__What you should do__
Take every line from the listing below that includes "UNIV" and copy it.

** Provided material follows **

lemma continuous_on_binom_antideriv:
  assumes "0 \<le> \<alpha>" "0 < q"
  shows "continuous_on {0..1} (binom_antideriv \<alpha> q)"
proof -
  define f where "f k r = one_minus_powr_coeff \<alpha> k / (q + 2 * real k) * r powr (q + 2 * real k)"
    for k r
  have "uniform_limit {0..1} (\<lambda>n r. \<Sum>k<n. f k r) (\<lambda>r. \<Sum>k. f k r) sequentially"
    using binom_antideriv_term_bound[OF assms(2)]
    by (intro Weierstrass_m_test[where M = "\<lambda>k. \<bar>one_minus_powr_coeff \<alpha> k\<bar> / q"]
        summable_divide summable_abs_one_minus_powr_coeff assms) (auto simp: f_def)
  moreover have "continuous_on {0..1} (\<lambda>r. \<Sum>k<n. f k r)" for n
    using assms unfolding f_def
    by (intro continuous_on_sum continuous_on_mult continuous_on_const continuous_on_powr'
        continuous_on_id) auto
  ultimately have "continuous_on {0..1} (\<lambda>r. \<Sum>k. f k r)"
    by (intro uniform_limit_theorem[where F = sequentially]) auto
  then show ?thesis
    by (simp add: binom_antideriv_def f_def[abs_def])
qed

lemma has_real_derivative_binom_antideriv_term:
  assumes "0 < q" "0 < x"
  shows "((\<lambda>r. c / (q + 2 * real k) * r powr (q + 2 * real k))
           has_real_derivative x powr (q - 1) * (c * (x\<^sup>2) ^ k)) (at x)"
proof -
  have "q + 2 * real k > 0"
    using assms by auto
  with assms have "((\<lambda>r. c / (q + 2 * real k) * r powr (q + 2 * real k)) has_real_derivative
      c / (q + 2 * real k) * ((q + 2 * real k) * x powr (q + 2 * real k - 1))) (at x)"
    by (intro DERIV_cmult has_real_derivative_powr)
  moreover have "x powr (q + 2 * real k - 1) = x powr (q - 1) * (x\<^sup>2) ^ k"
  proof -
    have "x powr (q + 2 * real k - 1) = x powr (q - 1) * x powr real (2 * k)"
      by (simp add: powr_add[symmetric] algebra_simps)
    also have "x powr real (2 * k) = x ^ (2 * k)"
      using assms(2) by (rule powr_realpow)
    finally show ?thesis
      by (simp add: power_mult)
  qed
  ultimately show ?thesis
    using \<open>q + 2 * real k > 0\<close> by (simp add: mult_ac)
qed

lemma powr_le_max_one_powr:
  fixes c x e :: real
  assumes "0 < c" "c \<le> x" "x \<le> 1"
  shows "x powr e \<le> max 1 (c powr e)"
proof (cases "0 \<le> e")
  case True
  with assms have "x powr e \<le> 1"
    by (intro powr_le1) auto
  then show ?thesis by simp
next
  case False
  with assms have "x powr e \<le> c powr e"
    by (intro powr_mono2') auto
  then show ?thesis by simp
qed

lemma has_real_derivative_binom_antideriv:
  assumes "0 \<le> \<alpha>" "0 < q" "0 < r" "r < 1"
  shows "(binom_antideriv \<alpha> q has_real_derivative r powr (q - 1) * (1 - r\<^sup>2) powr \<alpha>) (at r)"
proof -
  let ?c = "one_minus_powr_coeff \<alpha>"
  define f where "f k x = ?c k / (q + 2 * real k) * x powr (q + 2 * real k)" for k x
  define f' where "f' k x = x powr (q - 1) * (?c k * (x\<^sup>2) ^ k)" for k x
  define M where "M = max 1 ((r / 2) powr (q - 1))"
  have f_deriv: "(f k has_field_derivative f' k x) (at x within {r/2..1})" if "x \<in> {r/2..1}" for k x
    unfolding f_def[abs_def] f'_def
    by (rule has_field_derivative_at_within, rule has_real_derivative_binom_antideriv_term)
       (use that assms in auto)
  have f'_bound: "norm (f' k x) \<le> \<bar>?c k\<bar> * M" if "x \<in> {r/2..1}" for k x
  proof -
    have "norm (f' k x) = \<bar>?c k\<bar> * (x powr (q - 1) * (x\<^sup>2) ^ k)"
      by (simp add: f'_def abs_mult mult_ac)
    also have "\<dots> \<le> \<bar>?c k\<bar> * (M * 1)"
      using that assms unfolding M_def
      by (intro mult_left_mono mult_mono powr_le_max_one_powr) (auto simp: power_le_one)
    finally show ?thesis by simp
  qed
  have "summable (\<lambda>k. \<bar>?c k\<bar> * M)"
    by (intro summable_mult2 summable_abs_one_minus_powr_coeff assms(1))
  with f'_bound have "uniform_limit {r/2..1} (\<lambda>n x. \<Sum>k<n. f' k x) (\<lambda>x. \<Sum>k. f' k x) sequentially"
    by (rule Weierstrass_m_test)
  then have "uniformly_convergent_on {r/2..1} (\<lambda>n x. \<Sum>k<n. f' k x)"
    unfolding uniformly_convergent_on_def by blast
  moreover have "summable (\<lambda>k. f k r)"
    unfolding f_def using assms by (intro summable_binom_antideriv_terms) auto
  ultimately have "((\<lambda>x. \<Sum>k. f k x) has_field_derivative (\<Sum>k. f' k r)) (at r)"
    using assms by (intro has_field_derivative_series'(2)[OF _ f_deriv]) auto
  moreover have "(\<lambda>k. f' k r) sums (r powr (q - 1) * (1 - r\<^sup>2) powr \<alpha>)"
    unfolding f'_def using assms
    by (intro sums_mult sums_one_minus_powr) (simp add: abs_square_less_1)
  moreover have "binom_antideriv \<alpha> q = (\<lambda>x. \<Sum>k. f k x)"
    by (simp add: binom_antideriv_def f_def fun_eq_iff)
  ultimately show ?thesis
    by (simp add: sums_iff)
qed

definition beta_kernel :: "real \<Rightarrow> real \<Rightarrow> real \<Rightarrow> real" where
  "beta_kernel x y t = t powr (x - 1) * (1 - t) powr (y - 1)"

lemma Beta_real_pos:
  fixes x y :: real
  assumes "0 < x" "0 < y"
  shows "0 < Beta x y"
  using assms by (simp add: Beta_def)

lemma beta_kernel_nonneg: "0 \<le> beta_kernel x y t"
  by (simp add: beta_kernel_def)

** End of Provided material **
** Provided material follows **

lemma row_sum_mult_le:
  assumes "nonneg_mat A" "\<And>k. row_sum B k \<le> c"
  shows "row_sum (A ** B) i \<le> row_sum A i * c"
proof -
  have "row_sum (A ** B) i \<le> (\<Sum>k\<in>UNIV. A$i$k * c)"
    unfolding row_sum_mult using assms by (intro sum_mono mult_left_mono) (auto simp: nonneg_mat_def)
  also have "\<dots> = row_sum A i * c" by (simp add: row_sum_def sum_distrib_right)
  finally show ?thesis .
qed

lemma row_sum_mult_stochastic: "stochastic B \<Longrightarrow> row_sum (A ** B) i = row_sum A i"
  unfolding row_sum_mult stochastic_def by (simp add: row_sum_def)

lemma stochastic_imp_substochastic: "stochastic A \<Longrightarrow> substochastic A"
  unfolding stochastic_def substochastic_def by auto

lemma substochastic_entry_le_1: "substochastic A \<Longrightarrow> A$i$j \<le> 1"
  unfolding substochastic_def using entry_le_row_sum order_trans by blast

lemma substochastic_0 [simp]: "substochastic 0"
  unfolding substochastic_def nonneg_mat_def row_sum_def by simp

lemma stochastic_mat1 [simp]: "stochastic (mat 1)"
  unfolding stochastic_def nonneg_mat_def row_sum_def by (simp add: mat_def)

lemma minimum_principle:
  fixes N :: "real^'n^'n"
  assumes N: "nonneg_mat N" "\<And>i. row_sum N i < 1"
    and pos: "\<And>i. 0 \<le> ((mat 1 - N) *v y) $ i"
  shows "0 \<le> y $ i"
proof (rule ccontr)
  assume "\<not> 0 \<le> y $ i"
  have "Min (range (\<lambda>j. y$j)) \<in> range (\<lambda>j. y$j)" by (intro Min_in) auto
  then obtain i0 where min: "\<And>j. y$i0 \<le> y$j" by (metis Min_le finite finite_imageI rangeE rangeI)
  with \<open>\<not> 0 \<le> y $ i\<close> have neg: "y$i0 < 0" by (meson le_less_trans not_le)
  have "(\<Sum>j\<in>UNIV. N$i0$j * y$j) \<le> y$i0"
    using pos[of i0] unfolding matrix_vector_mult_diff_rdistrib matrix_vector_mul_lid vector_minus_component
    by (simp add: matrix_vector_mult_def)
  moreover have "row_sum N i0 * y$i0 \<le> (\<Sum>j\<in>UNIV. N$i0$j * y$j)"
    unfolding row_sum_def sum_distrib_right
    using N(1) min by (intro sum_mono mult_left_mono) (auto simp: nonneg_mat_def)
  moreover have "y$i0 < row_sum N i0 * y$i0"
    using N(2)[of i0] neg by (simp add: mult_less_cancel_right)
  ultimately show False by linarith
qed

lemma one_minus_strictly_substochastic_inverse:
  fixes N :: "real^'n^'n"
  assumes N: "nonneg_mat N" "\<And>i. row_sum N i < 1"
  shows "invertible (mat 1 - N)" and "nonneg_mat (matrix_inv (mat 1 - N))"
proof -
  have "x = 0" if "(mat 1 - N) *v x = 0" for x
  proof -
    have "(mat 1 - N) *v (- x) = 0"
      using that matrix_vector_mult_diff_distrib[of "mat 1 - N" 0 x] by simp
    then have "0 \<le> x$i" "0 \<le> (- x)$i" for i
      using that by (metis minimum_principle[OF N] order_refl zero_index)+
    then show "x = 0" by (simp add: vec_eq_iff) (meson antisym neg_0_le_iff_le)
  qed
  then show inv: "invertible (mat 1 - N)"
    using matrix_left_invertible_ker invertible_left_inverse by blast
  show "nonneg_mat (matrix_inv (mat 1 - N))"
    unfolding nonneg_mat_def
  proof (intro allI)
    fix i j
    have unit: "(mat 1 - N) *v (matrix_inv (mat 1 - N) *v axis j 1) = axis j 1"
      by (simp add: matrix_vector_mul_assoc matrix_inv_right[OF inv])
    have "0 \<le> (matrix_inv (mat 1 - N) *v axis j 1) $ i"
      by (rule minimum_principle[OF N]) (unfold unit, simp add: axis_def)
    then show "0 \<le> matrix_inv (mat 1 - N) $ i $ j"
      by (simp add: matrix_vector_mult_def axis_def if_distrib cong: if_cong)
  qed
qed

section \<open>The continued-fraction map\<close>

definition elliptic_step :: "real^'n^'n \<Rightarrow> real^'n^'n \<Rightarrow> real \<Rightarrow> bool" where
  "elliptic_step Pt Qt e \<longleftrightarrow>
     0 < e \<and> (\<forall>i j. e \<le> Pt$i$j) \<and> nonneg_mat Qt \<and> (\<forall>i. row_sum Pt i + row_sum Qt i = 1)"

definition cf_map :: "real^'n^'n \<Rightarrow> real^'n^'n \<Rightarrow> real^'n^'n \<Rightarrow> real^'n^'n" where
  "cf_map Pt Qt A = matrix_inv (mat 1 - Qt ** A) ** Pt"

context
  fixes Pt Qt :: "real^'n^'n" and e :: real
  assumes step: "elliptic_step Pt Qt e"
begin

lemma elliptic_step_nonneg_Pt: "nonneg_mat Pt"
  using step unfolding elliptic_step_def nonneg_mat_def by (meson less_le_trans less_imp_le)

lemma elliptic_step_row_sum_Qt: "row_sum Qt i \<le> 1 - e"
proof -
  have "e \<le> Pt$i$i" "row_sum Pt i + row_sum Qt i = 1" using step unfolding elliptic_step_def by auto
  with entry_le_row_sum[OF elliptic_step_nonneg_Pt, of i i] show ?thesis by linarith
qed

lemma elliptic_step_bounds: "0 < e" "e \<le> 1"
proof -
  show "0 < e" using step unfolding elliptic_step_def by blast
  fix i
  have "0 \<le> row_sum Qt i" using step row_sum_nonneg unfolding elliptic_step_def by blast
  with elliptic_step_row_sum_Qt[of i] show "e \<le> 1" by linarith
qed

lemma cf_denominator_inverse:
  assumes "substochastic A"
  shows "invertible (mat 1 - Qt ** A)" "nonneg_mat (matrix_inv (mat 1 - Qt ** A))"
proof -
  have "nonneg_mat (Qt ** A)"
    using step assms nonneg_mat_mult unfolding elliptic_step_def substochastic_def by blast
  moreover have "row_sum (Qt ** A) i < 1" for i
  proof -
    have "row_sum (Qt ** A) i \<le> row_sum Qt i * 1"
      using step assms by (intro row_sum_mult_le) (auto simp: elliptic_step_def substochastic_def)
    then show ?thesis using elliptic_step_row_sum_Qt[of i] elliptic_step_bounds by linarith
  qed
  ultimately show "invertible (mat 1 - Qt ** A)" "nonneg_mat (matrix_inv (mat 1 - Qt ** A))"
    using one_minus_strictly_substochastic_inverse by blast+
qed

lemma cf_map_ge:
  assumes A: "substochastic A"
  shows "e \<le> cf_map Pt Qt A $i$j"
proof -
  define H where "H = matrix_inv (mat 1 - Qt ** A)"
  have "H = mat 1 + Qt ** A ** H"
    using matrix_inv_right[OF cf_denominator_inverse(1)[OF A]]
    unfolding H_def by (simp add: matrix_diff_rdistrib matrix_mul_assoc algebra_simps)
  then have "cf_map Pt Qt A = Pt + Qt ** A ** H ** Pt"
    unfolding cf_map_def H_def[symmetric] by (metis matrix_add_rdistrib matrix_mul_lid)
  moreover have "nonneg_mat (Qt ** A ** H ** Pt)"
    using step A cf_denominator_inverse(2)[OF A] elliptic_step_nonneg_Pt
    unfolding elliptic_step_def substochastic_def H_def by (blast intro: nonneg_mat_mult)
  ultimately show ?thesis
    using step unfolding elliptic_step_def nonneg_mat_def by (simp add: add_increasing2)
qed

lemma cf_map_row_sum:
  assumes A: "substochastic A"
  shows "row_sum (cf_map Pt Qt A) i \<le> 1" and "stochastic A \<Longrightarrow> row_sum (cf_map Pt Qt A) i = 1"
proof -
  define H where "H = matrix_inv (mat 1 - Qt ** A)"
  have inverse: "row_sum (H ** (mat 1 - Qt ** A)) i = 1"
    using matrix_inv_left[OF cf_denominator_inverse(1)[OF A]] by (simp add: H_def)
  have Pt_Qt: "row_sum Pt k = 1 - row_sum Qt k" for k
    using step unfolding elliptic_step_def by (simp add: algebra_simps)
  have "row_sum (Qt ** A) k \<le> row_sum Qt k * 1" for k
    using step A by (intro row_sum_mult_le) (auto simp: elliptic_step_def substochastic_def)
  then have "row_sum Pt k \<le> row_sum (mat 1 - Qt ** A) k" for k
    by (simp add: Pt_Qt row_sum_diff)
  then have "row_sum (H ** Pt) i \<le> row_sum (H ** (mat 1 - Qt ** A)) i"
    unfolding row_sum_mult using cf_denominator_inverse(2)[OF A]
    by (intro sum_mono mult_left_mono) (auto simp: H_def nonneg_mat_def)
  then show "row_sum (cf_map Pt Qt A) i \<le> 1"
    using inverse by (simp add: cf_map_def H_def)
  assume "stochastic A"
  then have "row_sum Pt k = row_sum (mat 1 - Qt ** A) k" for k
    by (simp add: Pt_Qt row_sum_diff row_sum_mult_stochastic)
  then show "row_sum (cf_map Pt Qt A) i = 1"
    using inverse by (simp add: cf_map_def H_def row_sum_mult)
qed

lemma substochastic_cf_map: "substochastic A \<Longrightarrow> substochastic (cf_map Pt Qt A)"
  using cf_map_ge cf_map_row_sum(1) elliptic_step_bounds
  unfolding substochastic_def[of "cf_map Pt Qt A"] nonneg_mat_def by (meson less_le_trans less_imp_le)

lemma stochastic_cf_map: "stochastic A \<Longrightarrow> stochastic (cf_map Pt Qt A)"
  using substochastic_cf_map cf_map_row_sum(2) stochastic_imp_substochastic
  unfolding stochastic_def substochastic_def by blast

** End of Provided material **

__Problem solution__
  have "row_sum (A ** B) i \<le> (\<Sum>k\<in>UNIV. A$i$k * c)"
  have "(\<Sum>j\<in>UNIV. N$i0$j * y$j) \<le> y$i0"
  moreover have "row_sum N i0 * y$i0 \<le> (\<Sum>j\<in>UNIV. N$i0$j * y$j)"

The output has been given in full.